Attorneys for Defendants
and Respondents Andrew L. Faber
Linda A. Callon
Thomas P. Murphy
Berliner Cohen
Fonseca et al. v. City of Gilroy, et al.
No. H028369
Publication courtesy of California pro bono lawyer directory.
Analysis and review provided by Chula Vista Property line attorney.
[1] Gilroys quantified objectives dont expressly state this. But they do imply it because the unmet regional housing needs are what are quantified against the total number of units possible. The housing goals are stated in only general narrative terms and not in terms of quantified numbers. These goals include to incorporate [e]ffective programs that respond to residents housing needs . . . . The policies are also stated in narrative and not quantified terms and they include the policy to establish relationships, continue participation in Countywide housing assistance programs, and collaborate with other public agencies and non-profit housing sponsors in the use of available programs to provide lower-cost housing in Gilroy. As to the legal obligation of a locality to meet its stated housing needs and quantified objectives, we note [that] identified housing needs, like quantified objectives, are simply goals, not mandated acts. [Citation.] (Hoffmaster, supra, 55 Cal.App.4th at p. 1109, fn. 7.)
[2] These include those vacant acres already zoned and those to be rezoned through Action 1.A of the Draft General Plan and implementation of the Neighborhood Districts land use designation (based on the minimum percent mix identified in the Draft General Plan). (See Housing Background Report, Table 7-1, p. 28.)
[3] Here we assume in plaintiffs favor that such need could only be accommodated by acreage to be zoned R4.
[4] The requirements of this former subdivision have been restated and subsumed in current subdivision (c)(1)(A) and section 65583.2, subdivisions (h) and (i).
[5] Use by right meant that the use [did] not require a conditional use permit, except when the proposed project [was] a mixed-use project involving both commercial or industrial uses and residential uses. (Former 65583, subd. (c)(1)(A)(ii)(B); see now 65583.2, subd. (i).)
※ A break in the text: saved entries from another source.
text \<open>A run is cut into rounds of \<open>k + 1\<close> bits: \<open>k\<close> fair coins, read as a number below \<open>2 ^ k\<close>
  that rounds the median randomly, followed by the answer to one query. The candidate weights
  are the likelihoods of the answers received so far (the posterior of a uniform prior).\<close>
definition coin_value :: "bool list \<Rightarrow> nat \<Rightarrow> nat" where
  "coin_value g t = nat_of_bits (take k (drop (t * (k + 1)) g))"

primrec weights :: "bool list \<Rightarrow> nat \<Rightarrow> nat \<Rightarrow> real" where
  "weights g 0 = (\<lambda>_. 1)"
| "weights g (Suc t) = bayes_update p (weights g t)
     (query_point (2 ^ k) (weights g t) (coin_value g t)) (g ! (t * (k + 1) + k))"

definition confident :: "(nat \<Rightarrow> real) \<Rightarrow> bool" where
  "confident W = (\<exists>u\<in>{1..D}. (1 - \<epsilon>) * mass W \<le> W u)"

definition leader :: "(nat \<Rightarrow> real) \<Rightarrow> nat" where
  "leader W = (SOME u. u \<in> {1..D} \<and> (1 - \<epsilon>) * mass W \<le> W u)"

definition search :: "bool list \<Rightarrow> action" where
  "search g = (let t = length g div (k + 1); r = length g mod (k + 1); W = weights g t in
     if r = 0 \<and> confident W then Return (leader W)
     else if r < k then Coin
     else Query (query_point (2 ^ k) W (coin_value g t)))"

lemma weights_pos: "0 < weights g t y"
  using p_pos p_less_half by (induction t) (auto simp: bayes_update_def)

lemma leader_props:
  assumes "confident W"
  shows "leader W \<in> {1..D}" "(1 - \<epsilon>) * mass W \<le> W (leader W)"
proof -
  have "\<exists>u. u \<in> {1..D} \<and> (1 - \<epsilon>) * mass W \<le> W u"
    using assms by (auto simp: confident_def)
  from someI_ex[OF this] show "leader W \<in> {1..D}" "(1 - \<epsilon>) * mass W \<le> W (leader W)"
    unfolding leader_def by auto
qed

lemma coin_value_append: "t * (k + 1) + k \<le> length g \<Longrightarrow> coin_value (g @ h) t = coin_value g t"
  by (simp add: coin_value_def algebra_simps)

lemma weights_append: "t * (k + 1) \<le> length g \<Longrightarrow> weights (g @ h) t = weights g t"
proof (induction t)
  case (Suc t)
  then show ?case
    by (simp add: coin_value_append nth_append)
qed simp

lemma search_Coin:
  "search g = Coin \<Longrightarrow> length g mod (k + 1) < k"
  unfolding search_def Let_def by (auto split: if_splits)

lemma search_Query:
  assumes "search g = Query q"
  shows "length g mod (k + 1) = k"
    and "q = query_point (2 ^ k) (weights g (length g div (k + 1))) (coin_value g (length g div (k + 1)))"
proof -
  have "\<not> length g mod (k + 1) < k \<Longrightarrow> length g mod (k + 1) = k"
    using mod_less_divisor[of "k + 1" "length g"] by linarith
  then show "length g mod (k + 1) = k"
    and "q = query_point (2 ^ k) (weights g (length g div (k + 1))) (coin_value g (length g div (k + 1)))"
    using assms unfolding search_def Let_def by (auto split: if_splits)
qed

lemma search_Return:
  assumes "search g = Return u"
  shows "length g mod (k + 1) = 0"
    and "confident (weights g (length g div (k + 1)))"
    and "u = leader (weights g (length g div (k + 1)))"
  using assms unfolding search_def Let_def by (auto split: if_splits)

lemma weights_snoc_Coin:
  assumes "length g mod (k + 1) < k"
  shows "weights (g @ [b]) (length (g @ [b]) div (k + 1)) = weights g (length g div (k + 1))"
  using assms length_snoc_div_mod(1)[OF assms] div_mult_mod_eq[of "length g" "k + 1"]
  by (simp add: weights_append[where h = "[b]"] del: length_append_singleton)

lemma weights_snoc_Query:
  assumes "length g mod (k + 1) = k"
  shows "weights (g @ [b]) (length (g @ [b]) div (k + 1)) =
           bayes_update p (weights g (length g div (k + 1)))
             (query_point (2 ^ k) (weights g (length g div (k + 1))) (coin_value g (length g div (k + 1)))) b"
proof -
  let ?t = "length g div (k + 1)"
  have len: "length g = ?t * (k + 1) + k"
    using div_mult_mod_eq[of "length g" "k + 1"] assms by simp
  have "length (g @ [b]) div (k + 1) = Suc ?t"
    using length_snoc_div_mod(2)[OF assms] by blast
  moreover have "coin_value (g @ [b]) ?t = coin_value g ?t" "weights (g @ [b]) ?t = weights g ?t"
    using len by (simp_all add: coin_value_append weights_append)
  moreover have "(g @ [b]) ! (?t * (k + 1) + k) = b"
    using len by (simp add: nth_append)
  ultimately show ?thesis
    by simp
qed

definition coin_factor :: "action \<Rightarrow> real" where
  "coin_factor a = (case a of Query _ \<Rightarrow> 1 | Coin \<Rightarrow> 1/2 | Return _ \<Rightarrow> 0)"

definition coin_prob :: "bool list \<Rightarrow> real" where
  "coin_prob g = (\<Prod>i<length g. coin_factor (search (take i g)))"

lemma coin_prob_nonneg: "0 \<le> coin_prob g"
  unfolding coin_prob_def coin_factor_def by (intro prod_nonneg) (auto split: action.split)

lemma reach_prob_search: "reach_prob p search x g = coin_prob g * weights g (length g div (k + 1)) x"
proof (induction g rule: rev_induct)
  case Nil
  then show ?case
    by (simp add: coin_prob_def)
next
  case (snoc b g)
  have coin_prob_snoc: "coin_prob (g @ [b]) = coin_prob g * coin_factor (search g)"
    unfolding coin_prob_def by (simp add: lessThan_Suc)
  show ?case
  proof (cases "search g")
    case (Query q)
    then show ?thesis
      using snoc.IH search_Query[OF Query] weights_snoc_Query[of g b]
      by (simp add: reach_prob_snoc coin_prob_snoc coin_factor_def step_prob_def bayes_update_def)
  next
    case Coin
    then show ?thesis
      using snoc.IH weights_snoc_Coin[OF search_Coin[OF Coin], of b]
      by (simp add: reach_prob_snoc coin_prob_snoc coin_factor_def step_prob_def)
  next
    case (Return u)
    then show ?thesis
      by (simp add: reach_prob_snoc coin_prob_snoc coin_factor_def step_prob_def)
  qed
qed

section \<open>The log-odds potential\<close>

definition odds :: "(nat \<Rightarrow> real) \<Rightarrow> nat \<Rightarrow> real" where
  "odds W x = (mass W - W x) / W x"

definition log_odds_offset :: real where
  "log_odds_offset = log 2 ((1 - \<epsilon>) / \<epsilon>) + log 2 ((1 - p) / p)"

text \<open>The offset makes the truncation at \<open>0\<close> inactive after every query asked in a state
  without a confident candidate: there the odds exceed \<open>\<epsilon> / (1 - \<epsilon>)\<close>, and a single answer
  shrinks them by a factor of at most \<open>p / (1 - p)\<close>.\<close>
definition round_potential :: "nat \<Rightarrow> (nat \<Rightarrow> real) \<Rightarrow> real" where
  "round_potential x W = max 0 (log 2 (odds W x) + log_odds_offset)"

definition drift_rate :: real where
  "drift_rate = capacity p - 4 / 2 ^ k"

definition query_potential :: "nat \<Rightarrow> (nat \<Rightarrow> real) \<Rightarrow> nat \<Rightarrow> real" where
  "query_potential x W c = drift_rate
     + step_prob p x (Query (query_point (2 ^ k) W c)) True
         * round_potential x (bayes_update p W (query_point (2 ^ k) W c) True)
     + step_prob p x (Query (query_point (2 ^ k) W c)) False
         * round_potential x (bayes_update p W (query_point (2 ^ k) W c) False)"

lemma round_potential_nonneg: "0 \<le> round_potential x W"
  by (simp add: round_potential_def)

lemma log_odds_offset_le: "log_odds_offset \<le> log 2 (1 / \<epsilon>) + log 2 ((1 - p) / p)"
  using eps_pos eps_less_half by (simp add: log_odds_offset_def divide_right_mono)

context
  fixes W :: "nat \<Rightarrow> real" and x :: nat
  assumes W_pos: "\<And>y. 0 < W y" and x: "x \<in> {1..D}"
begin

lemma odds_pos: "0 < odds W x"
  using mass_minus_pos[where W = W, OF W_pos x] W_pos[of x] by (simp add: odds_def)

lemma odds_bayes_update:
  fixes q :: nat
  defines "u \<equiv> mass_opposite W x q / (mass W - W x)"
  shows "odds (bayes_update p W q (x < q)) x = odds W x * (1 - u * (1 - 2*p) / (1 - p))"
    and "odds (bayes_update p W q (\<not> x < q)) x = odds W x * (1 + u * (1 - 2*p) / p)"
proof -
  define X Y S where "X = W x" and "Y = mass W - W x" and "S = mass_opposite W x q"
  have pos: "0 < X" "0 < Y"
    using W_pos mass_minus_pos[where W = W, OF W_pos x] by (simp_all add: X_def Y_def)
  have mass: "mass W = X + Y"
    by (simp add: X_def Y_def)
  have u: "u = S / Y"
    by (simp add: u_def S_def Y_def)
  have "1 - p \<noteq> 0"
    using p_less_half by simp
  then show "odds (bayes_update p W q (x < q)) x = odds W x * (1 - u * (1 - 2*p) / (1 - p))"
    unfolding odds_def mass_bayes_update[of p W q "x < q" x] u
    using pos p_pos by (simp add: bayes_update_def field_simps mass flip: X_def S_def)
  show "odds (bayes_update p W q (\<not> x < q)) x = odds W x * (1 + u * (1 - 2*p) / p)"
    unfolding odds_def mass_bayes_update[of p W q "\<not> x < q" x] u
    using pos p_pos by (simp add: bayes_update_def field_simps mass flip: X_def S_def)
qed

lemma log_odds_offset_bound:
  assumes "\<not> confident W" and c: "p / (1 - p) \<le> c"
  shows "0 \<le> log 2 (odds W x * c) + log_odds_offset"
proof -
  have "W x < (1 - \<epsilon>) * mass W"
    using assms x by (auto simp: confident_def not_le)
  then have "\<epsilon> / (1 - \<epsilon>) < odds W x"
    using eps_pos eps_less_half W_pos[of x] by (simp add: odds_def field_simps)
  then have "\<epsilon> / (1 - \<epsilon>) * (p / (1 - p)) \<le> odds W x * c"
    using c eps_pos eps_less_half p_pos p_less_half odds_pos by (intro mult_mono) auto
  moreover have "0 < \<epsilon> / (1 - \<epsilon>) * (p / (1 - p))"
    using eps_pos eps_less_half p_pos p_less_half by simp
  ultimately have "log 2 (\<epsilon> / (1 - \<epsilon>) * (p / (1 - p))) \<le> log 2 (odds W x * c)"
    by simp
  moreover have "log 2 (\<epsilon> / (1 - \<epsilon>) * (p / (1 - p))) = - log_odds_offset"
    using eps_pos eps_less_half p_pos p_less_half
    by (simp add: log_odds_offset_def log_mult log_divide)
  ultimately show ?thesis
    by simp
qed

lemma expected_round_potential_le:
  assumes "\<not> confident W"
  shows "step_prob p x (Query q) True * round_potential x (bayes_update p W q True)
       + step_prob p x (Query q) False * round_potential x (bayes_update p W q False)
       \<le> log 2 (odds W x) + log_odds_offset - capacity p
         + (1 - 2*p)\<^sup>2 * (1 - 2 * (mass_opposite W x q / (mass W - W x))) / ln 2"
proof -
  define u where "u = mass_opposite W x q / (mass W - W x)"
  define a b where "a = 1 - u * (1 - 2*p) / (1 - p)" and "b = 1 + u * (1 - 2*p) / p"
  have u: "0 \<le> u" "u \<le> 1"
    using mass_opposite_nonneg[where W = W, OF W_pos] mass_opposite_le[where W = W, OF W_pos x]
      mass_minus_pos[where W = W, OF W_pos x]
    by (simp_all add: u_def)
  have a_ge: "p / (1 - p) \<le> a" and b_ge: "p / (1 - p) \<le> b"
    using odds_factors_ge[OF p_pos p_less_half u] by (simp_all add: a_def b_def)
  have "0 < p / (1 - p)"
    using p_pos p_less_half by simp
  then have a_pos: "0 < a" and b_pos: "0 < b"
    using a_ge b_ge by linarith+
  have "odds (bayes_update p W q (x < q)) x = odds W x * a"
    using odds_bayes_update(1)[of q] by (simp add: a_def u_def)
  then have agree: "round_potential x (bayes_update p W q (x < q)) = log 2 (odds W x) + log 2 a + log_odds_offset"
    using log_odds_offset_bound[OF assms a_ge] odds_pos a_pos by (simp add: round_potential_def log_mult)
  have "odds (bayes_update p W q (\<not> x < q)) x = odds W x * b"
    using odds_bayes_update(2)[of q] by (simp add: b_def u_def)
  then have disagree: "round_potential x (bayes_update p W q (\<not> x < q)) = log 2 (odds W x) + log 2 b + log_odds_offset"
    using log_odds_offset_bound[OF assms b_ge] odds_pos b_pos by (simp add: round_potential_def log_mult)
  have "step_prob p x (Query q) True * round_potential x (bayes_update p W q True)
      + step_prob p x (Query q) False * round_potential x (bayes_update p W q False)
      = (1 - p) * round_potential x (bayes_update p W q (x < q))
        + p * round_potential x (bayes_update p W q (\<not> x < q))"
    by (cases "x < q") (simp_all add: step_prob_def)
  also have "\<dots> = log 2 (odds W x) + log_odds_offset + ((1 - p) * log 2 a + p * log 2 b)"
    unfolding agree disagree by (simp add: algebra_simps)
  also have "\<dots> \<le> log 2 (odds W x) + log_odds_offset + (- capacity p + (1 - 2*p)\<^sup>2 * (1 - 2*u) / ln 2)"
    using expected_log_odds_factor_le[OF p_pos p_less_half u] by (simp add: a_def b_def)
  finally show ?thesis
    by (simp add: u_def)
qed
theorem lemma4p1:
  fixes v2 v3 :: "real \<Rightarrow> real" and \<beta> \<epsilon> r0 :: real and N :: nat and C :: "complex set"
  assumes beta_pos: "\<beta> > 0" and eps_pos: "\<epsilon> > 0"
    and i2: "v2 1 = -1" "\<And>r. r \<ge> 0 \<Longrightarrow> r \<noteq> 1 \<Longrightarrow> v2 r > -1"
    and ii2: "1 < r0" "r0 < sqrt 2" "\<And>r. r \<ge> r0 \<Longrightarrow> v2 r = 0"
    and iii2: "\<And>r. 0 \<le> r \<Longrightarrow> r \<le> 1 - \<epsilon> \<Longrightarrow> v2 r > 1 / \<epsilon>"
    and i3: "\<And>t. 0 < t \<Longrightarrow> t < 2 * pi \<Longrightarrow> v3 t = v3 (2 * pi - t)"
    and ii3: "v3 (pi / 2) = 0" "v3 pi = 0" "v3 (3 * pi / 2) = 0"
      "\<And>t. 0 \<le> t \<Longrightarrow> t < 2 * pi \<Longrightarrow> t \<notin> {pi / 2, pi, 3 * pi / 2} \<Longrightarrow> v3 t > 0"
    and iii3: "\<And>t. pi - \<epsilon> \<le> t \<Longrightarrow> t \<le> pi + \<epsilon> \<Longrightarrow>
                   v3 t \<ge> 4 / (pi / 10 - \<epsilon>) * \<bar>t - pi\<bar>"
      "\<And>t. pi - \<epsilon> \<le> t \<Longrightarrow> t \<le> pi + \<epsilon> \<Longrightarrow> t \<noteq> pi \<Longrightarrow>
                   v3 t > 4 / (pi / 10 - \<epsilon>) * \<bar>t - pi\<bar>"
    and iv3: "\<And>t. 0 \<le> t \<Longrightarrow> t < 2 * pi \<Longrightarrow>
                 (\<forall>k\<in>{1, 2, 3 :: nat}. \<bar>t - real k * pi / 2\<bar> \<ge> \<epsilon>) \<Longrightarrow>
                 v3 t > max 1 (2 * \<beta>) * (4 / (1 - \<epsilon>)\<^sup>2) * (sqrt 2 + 1 / 2)\<^sup>2"
    and N_pos: "N \<ge> 1"
    and minimizer: "is_minimizer v2 v3 r0 \<beta> N C"
  shows "F_graph v2 v3 r0 \<beta> C (nat_edges r0 C) \<le> m_beta \<beta> N
         \<and> energy v2 v3 r0 \<beta> C \<le> - 2 * real N + 1 / 2 * m_beta \<beta> N"
proof -
  obtain h where h: "1 \<le> h"
    and m: "m_beta \<beta> N = 2 * real h + 2 * (1 - \<beta>) * real (nat \<lceil>real N / real h\<rceil>)"
    using m_beta_attained[OF N_pos] .
  have C: "finite C" "card C = N"
    using minimizer unfolding is_minimizer_def is_config_def by auto
  have "energy v2 v3 r0 \<beta> C \<le> energy v2 v3 r0 \<beta> (column_config h N)"
    using minimizer is_config_column_config unfolding is_minimizer_def by blast
  also have "\<dots> \<le> - 2 * real N + real h + (1 - \<beta>) * real (nat \<lceil>real N / real h\<rceil>)"
    using h by (intro energy_column_config[where ?v2.0 = v2, OF _ i2(1) ii2(3) ii2(1,2) ii3(1-3)]) simp
  also have "\<dots> = - 2 * real N + 1 / 2 * m_beta \<beta> N"
    unfolding m by simp
  finally have "energy v2 v3 r0 \<beta> C \<le> - 2 * real N + 1 / 2 * m_beta \<beta> N" .
  moreover have "F_graph v2 v3 r0 \<beta> C (nat_edges r0 C) = 4 * real N + 2 * energy v2 v3 r0 \<beta> C"
    using F_graph_nat_edges[OF C(1)] ii2(3) C(2) by blast
  ultimately show ?thesis
    by linarith
qed

end
(* For all positive integers $n$ and non-negative integers $k$, $$\det_{0\le i,j\le n-1}\Big(\sum_{l\ge0}\mathcal P^+_{i+j}(k,l)\Big)= \begin{cases} (-1)^{n_1\binom{k+1}2}(xy)^{(k+1)^2\binom{n_1+1}2-n}, & \text{if } n=(k+1)n_1,\\ (-1)^{n_1\binom{k+1}2}(xy)^{(k+1)^2\binom{n_1+1}2}, & \text{if } n=(k+1)n_1+1,\\ 0, & \text{if } n\not\equiv 0,1 \pmod{k+1}. \end{cases}$$ Here $n_1$ denotes a non-negative integer. For $k=0$ (where the first two cases overlap) only the first case applies, i.e. the determinant equals $(xy)^{\binom n2}$.
   Context: Three-step paths consist of up-steps $(1,1)$, level steps $(1,0)$ and down-steps $(1,-1)$. Weights: $w((1,1))=1$, $w((1,0))=x+y$, $w((1,-1))=xy$, and the weight $w(P)$ of a path is the product of the weights of its steps. $\mathcal P_n(k,l)=\sum_P w(P)$ over all three-step paths from $(0,k)$ to $(n,l)$; $\mathcal P^+_n(k,l)$ is the same sum restricted to paths that never run below the $x$-axis. For fixed $n,k$ the sum $\sum_{l\ge0}\mathcal P^+_n(k,l)$ is finite. These are polynomials in the indeterminates $x,y$. *)

theory Defs
  imports "Jordan_Normal_Form.Determinant"
begin

text \<open>Three-step paths are encoded by their list of step heights:
  1 = up-step (1,1), 0 = level step (1,0), -1 = down-step (1,-1).
  The indeterminates x, y are elements of an arbitrary commutative ring.\<close>

definition step_weight :: "'a::comm_ring_1 \<Rightarrow> 'a \<Rightarrow> int \<Rightarrow> 'a" where
  "step_weight x y s = (if s = 1 then 1 else if s = 0 then x + y else x * y)"

definition path_weight :: "'a::comm_ring_1 \<Rightarrow> 'a \<Rightarrow> int list \<Rightarrow> 'a" where
  "path_weight x y ss = prod_list (map (step_weight x y) ss)"

definition step_seqs :: "nat \<Rightarrow> nat \<Rightarrow> nat \<Rightarrow> int list set" where
  "step_seqs n k l = {ss. length ss = n \<and> set ss \<subseteq> {-1, 0, 1} \<and>
      int k + sum_list ss = int l}"

definition pos_step_seqs :: "nat \<Rightarrow> nat \<Rightarrow> nat \<Rightarrow> int list set" where
  "pos_step_seqs n k l = {ss \<in> step_seqs n k l.
      \<forall>j \<le> n. int k + sum_list (take j ss) \<ge> 0}"

definition Ppaths :: "'a::comm_ring_1 \<Rightarrow> 'a \<Rightarrow> nat \<Rightarrow> nat \<Rightarrow> nat \<Rightarrow> 'a" where
  "Ppaths x y n k l = (\<Sum>ss\<in>step_seqs n k l. path_weight x y ss)"

definition Ppos :: "'a::comm_ring_1 \<Rightarrow> 'a \<Rightarrow> nat \<Rightarrow> nat \<Rightarrow> nat \<Rightarrow> 'a" where
  "Ppos x y n k l = (\<Sum>ss\<in>pos_step_seqs n k l. path_weight x y ss)"

text \<open>The finite sum over l \<ge> 0 of Ppos: endpoints l > k + n are unreachable
  (Ppos is 0 there), so the sum is taken over l \<in> {0..k+n}.\<close>
definition Ppos_total :: "'a::comm_ring_1 \<Rightarrow> 'a \<Rightarrow> nat \<Rightarrow> nat \<Rightarrow> 'a" where
  "Ppos_total x y n k = (\<Sum>l = 0..k + n. Ppos x y n k l)"

end

theory Submission
  imports Defs
begin

text \<open>With the transfer operator \<open>C\<close> of a single step, the Hankel entries are the moments
  \<open>(C\<^sup>i\<^sup>+\<^sup>j 1)(k)\<close>. Multiplying the Hankel matrix by unitriangular matrices of monic polynomials
  \<open>P\<^sub>i\<close> (rows) and \<open>Q\<^sub>j\<close> (columns) replaces the entries by \<open>(P\<^sub>i(C) Q\<^sub>j(C) 1)(k)\<close>. Taking
  \<open>Q\<^sub>j\<^sub>+\<^sub>1 = (X - (1 + x)(1 + y)) R\<^sub>j\<close> with \<open>R\<^sub>j\<close> the orthogonal polynomials of \<open>C\<close> turns
  \<open>Q\<^sub>j\<^sub>+\<^sub>1(C) 1\<close> into the point mass \<open>-(xy)\<^sup>j\<^sup>+\<^sup>1 \<delta>\<^sub>j\<close>; choosing for \<open>P\<^sub>i\<close> suitably perturbed
  orthogonal polynomials makes \<open>(P\<^sub>i(C) \<delta>\<^sub>h)(k)\<close> equal to \<open>\<delta>\<^bsub>h,k+i\<^esub>\<close> plus a single entry below
  height \<open>k\<close>, periodic in \<open>i\<close>. After extracting \<open>(xy)\<^bsup>n choose 2\<^esup>\<close>, the remaining matrix is a
  shifted identity plus \<open>k\<close> columns; its determinant reduces to a \<open>k \<times> k\<close> block, which is
  antidiagonal or diagonal according to the parity of \<open>n\<^sub>1\<close>, and vanishes when
  \<open>n mod (k + 1) \<ge> 2\<close> because the block then has a zero column.\<close>

section \<open>First-step decomposition of positive paths\<close>

lemma all_le_Suc_conv: "(\<forall>j\<le>Suc m. P j) \<longleftrightarrow> P 0 \<and> (\<forall>j\<le>m. P (Suc j))"
  by (metis Suc_le_mono le0 not0_implies_Suc)

lemma Cons_in_pos_step_seqs_iff:
  "s # ss \<in> pos_step_seqs (Suc m) k l \<longleftrightarrow>
     s \<in> {-1, 0, 1} \<and> 0 \<le> int k + s \<and> ss \<in> pos_step_seqs m (nat (int k + s)) l"
proof -
  have "(\<forall>j\<le>Suc m. 0 \<le> int k + sum_list (take j (s # ss))) \<longleftrightarrow>
        0 \<le> int k + s \<and> (\<forall>j\<le>m. 0 \<le> int k + s + sum_list (take j ss))"
    unfolding all_le_Suc_conv by (auto simp: add.assoc dest: spec[where x = 0])
  then show ?thesis
    unfolding pos_step_seqs_def step_seqs_def by auto
qed

lemma pos_step_seqs_Suc:
  "pos_step_seqs (Suc m) k l =
     Cons 1 ` pos_step_seqs m (Suc k) l \<union> Cons 0 ` pos_step_seqs m k l \<union>
     (if k > 0 then Cons (-1) ` pos_step_seqs m (k - 1) l else {})"
proof (rule Set.set_eqI)
  fix ss :: "int list"
  show "ss \<in> pos_step_seqs (Suc m) k l \<longleftrightarrow> ss \<in> Cons 1 ` pos_step_seqs m (Suc k) l \<union>
     Cons 0 ` pos_step_seqs m k l \<union> (if k > 0 then Cons (-1) ` pos_step_seqs m (k - 1) l else {})"
  proof (cases ss)
    case Nil
    then show ?thesis by (auto simp: pos_step_seqs_def step_seqs_def)
  next
    case (Cons s ss')
    have "nat (int k + 1) = Suc k" "nat (int k - 1) = k - 1" by auto
    then show ?thesis
      unfolding Cons Cons_in_pos_step_seqs_iff by (auto simp: image_iff)
  qed
qed

lemma finite_step_seqs: "finite (step_seqs n k l)"
proof -
  have "step_seqs n k l \<subseteq> {xs. set xs \<subseteq> {-1, 0, 1} \<and> length xs = n}"
    unfolding step_seqs_def by auto
  moreover have "finite {xs. set xs \<subseteq> ({-1, 0, 1} :: int set) \<and> length xs = n}"
    by (rule finite_lists_length_eq) auto
  ultimately show ?thesis by (rule finite_subset)
qed

lemma finite_pos_step_seqs: "finite (pos_step_seqs n k l)"
  using finite_step_seqs unfolding pos_step_seqs_def by auto

lemma Ppos_0: "Ppos x y 0 k l = (if k = l then 1 else 0)"
proof -
  have "pos_step_seqs 0 k l = (if k = l then {[]} else {})"
    unfolding pos_step_seqs_def step_seqs_def by auto
  then show ?thesis unfolding Ppos_def path_weight_def by auto
qed

lemma Ppos_Suc:
  "Ppos x y (Suc m) k l = Ppos x y m (Suc k) l + (x + y) * Ppos x y m k l
     + (if k > 0 then x * y * Ppos x y m (k - 1) l else 0)"
proof -
  let ?A = "Cons 1 ` pos_step_seqs m (Suc k) l" and ?B = "Cons 0 ` pos_step_seqs m k l"
    and ?C = "if k > 0 then Cons (-1) ` pos_step_seqs m (k - 1) l else {}"
  have fin: "finite ?A" "finite ?B" "finite ?C" using finite_pos_step_seqs by auto
  have disj: "?A \<inter> ?B = {}" "(?A \<union> ?B) \<inter> ?C = {}" by auto
  have weight_Cons: "path_weight x y (s # ss) = step_weight x y s * path_weight x y ss" for s ss
    unfolding path_weight_def by simp
  have "Ppos x y (Suc m) k l = sum (path_weight x y) (?A \<union> ?B \<union> ?C)"
    unfolding Ppos_def pos_step_seqs_Suc ..
  also have "\<dots> = sum (path_weight x y) ?A + sum (path_weight x y) ?B + sum (path_weight x y) ?C"
    using fin disj by (simp add: sum.union_disjoint)
  also have "sum (path_weight x y) ?A = Ppos x y m (Suc k) l"
    by (subst sum.reindex) (auto simp: inj_on_def weight_Cons step_weight_def Ppos_def)
  also have "sum (path_weight x y) ?B = (x + y) * Ppos x y m k l"
    by (subst sum.reindex)
      (auto simp: inj_on_def weight_Cons step_weight_def Ppos_def sum_distrib_left)
  also have "sum (path_weight x y) ?C = (if k > 0 then x * y * Ppos x y m (k - 1) l else 0)"
    by (cases "k > 0", simp_all, subst sum.reindex)
      (auto simp: inj_on_def weight_Cons step_weight_def Ppos_def sum_distrib_left)
  finally show ?thesis .
qed


section \<open>The transfer operator\<close>

definition path_op :: "'a::comm_ring_1 \<Rightarrow> 'a \<Rightarrow> (nat \<Rightarrow> 'a) \<Rightarrow> nat \<Rightarrow> 'a" where
  "path_op x y v = (\<lambda>h. v (Suc h) + (x + y) * v h + (if h > 0 then x * y * v (h - 1) else 0))"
[6] Appropriate standards means densities and requirements with respect to minimum floor areas, building setbacks, rear and side yards, parking, the percentage of a lot that may be occupied by a structure, amenities, and other requirements imposed on residential lots pursuant to the zoning authority which contribute significantly to the economic feasibility of producing housing at the lowest possible cost given economic and environmental factors, the public health and safety, and the need to facilitate the development of housing affordable to persons and families of low or moderate income, as defined in Section 50093 of the Health and Safety Code, and to persons and families of lower income, as defined in Section 50079.5 of the Health and Safety Code. ( 65913.1, subd. (a)(1).)
[7] We decline to consider the document offered in this court by plaintiffs relative to Gilroys Ordinance Number 2003-5, which was included in one of their motions for judicial notice. The document was not before the trial court and we will accordingly disregard it.